Integrating Different Datasets

library(ohcleandat)

Integrating Data Sets

Once an individual data set has passed through the cleaning and validation process, it may need to be combined (or joined) with other data sets. This process is handled by the {targets} pipeline during the integration steps. There are two phases, the first is performing checks the second is the join operation.

The checks perform tests to ensure that the records in both data sets are compatible and match the expectations of the relationship between the two data sets. Secondly, the integration of the data sets is performed by using an SQL join operation. This is typically either a right-join, a left-join, an inner-join or a full-join.

The type of join operation selected depends on the relationship between the data sets. The critical information here are the primary-key (unique identifier) of the base table and the foreign-key of the table to be joined which is the attribute that should match the primary-key. In addition, the cardinality of the relationship is important to understand the expected result when joining the data. Below is an example of an entity relationship diagram that shows the relationship between two example data sets. Crow’s feet notation is used to illustrate that there is an optional 1:Many relationship with the left table and the right table. There is also a mandatory 1:1 relationship with the right table and the left table.

Also below is the relevant target that performs the joining operation and integrates these data sets together.

  tar_target(integrated_mosq_field,
             left_join(
               x = fs_mosquito_field_semiclean,
               y = longitudinal_identification_semiclean,
               by =  c("Batch_ID" = "batch_id")
             )
  )

It is critical that data validation steps are correctly performed to ensure the integration of multiple data sets is successful. In the case where there are missing, malformed or duplicate primary key, the expectations around the relationship type will not hold up.

An overview of this integration process is below.

Types of Data

Throughout the data cleaning pipeline, we take in raw data and convert it to some form of clean data. There are several intermediate steps in this process. A standard terminology has been adopted to describe the steps in this process.

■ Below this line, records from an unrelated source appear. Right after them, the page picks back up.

lemma maps_ends_uniformly_approx:
  assumes "maps_ends_uniformly K \<phi> b" and "\<And>p t. p \<in> P \<Longrightarrow> \<exists>x\<in>K. \<bar>\<psi> p t - \<phi> x t\<bar> < 1"
  shows "maps_ends_uniformly P \<psi> b"
  unfolding maps_ends_uniformly_def
proof (intro allI)
  fix e c
  obtain c' where c': "\<And>x t. x \<in> K \<Longrightarrow> beyond e c' t \<Longrightarrow> beyond (e = b) (c + 1) (\<phi> x t)"
    using assms(1) unfolding maps_ends_uniformly_def by blast
  have "beyond (e = b) c (\<psi> p t)" if "p \<in> P" "beyond e c' t" for p t
  proof -
    obtain x where "x \<in> K" "\<bar>\<psi> p t - \<phi> x t\<bar> < 1" using assms(2) \<open>p \<in> P\<close> by blast
    moreover from this have "beyond (e = b) (c + 1) (\<phi> x t)" using c' \<open>beyond e c' t\<close> by blast
    ultimately show ?thesis by (auto simp: beyond_def split: if_splits)
  qed
  then show "\<exists>c'. \<forall>p\<in>P. \<forall>t. beyond e c' t \<longrightarrow> beyond (e = b) c (\<psi> p t)" by blast
qed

raw data: is data that is read in directly from the source systems.
combined data: If the raw data is situated in multiple files or data frames, a compatible and united data set of these data are termed ‘combined.’
semi-clean: Data are semi-clean once they have been corrected using the values provided in the validation log.
integrated: Data are integrated when they are joined to other data sets.
clean: Data are termed clean when they are integrated, and records that are still pending validation in the logs are removed, thereby leaving only a clean subset of validated data.

Tips for data management

Over the course of a long data collection exercise, standards and formats can diverge. This makes the data cleaning steps difficult and will slow down the ability to integrate data as above. Some general strategies can help to mitigate these risks:

Ensure that data formatting to a standard where each row uniquely identifies a record and have a unique identifier without duplicates or missing values.
Ensure all data are stored as a data.frame or tibble.
In R, ensure that each column has a correct and unique column type. (i.e. character, numeric and not list)
Each column name should be unique and formatted consistently to avoid spaces and special characters in column names. Hint: Use janitor::clean_names().
Design and enforce a Primary Key or Unique Identifier for each data set that will be meaningful and immutable.
Think about storing data in a ‘tidy’ format where possible. See here: https://www.jstatsoft.org/article/view/v059i10
Store raw data in a machine readable format (i.e. CSV)
Set some metadata standards at the start of the project around columns and data types. It is understandable that these might change over time, but having these standards will help plan how to best accommodate changes without breaking existing work.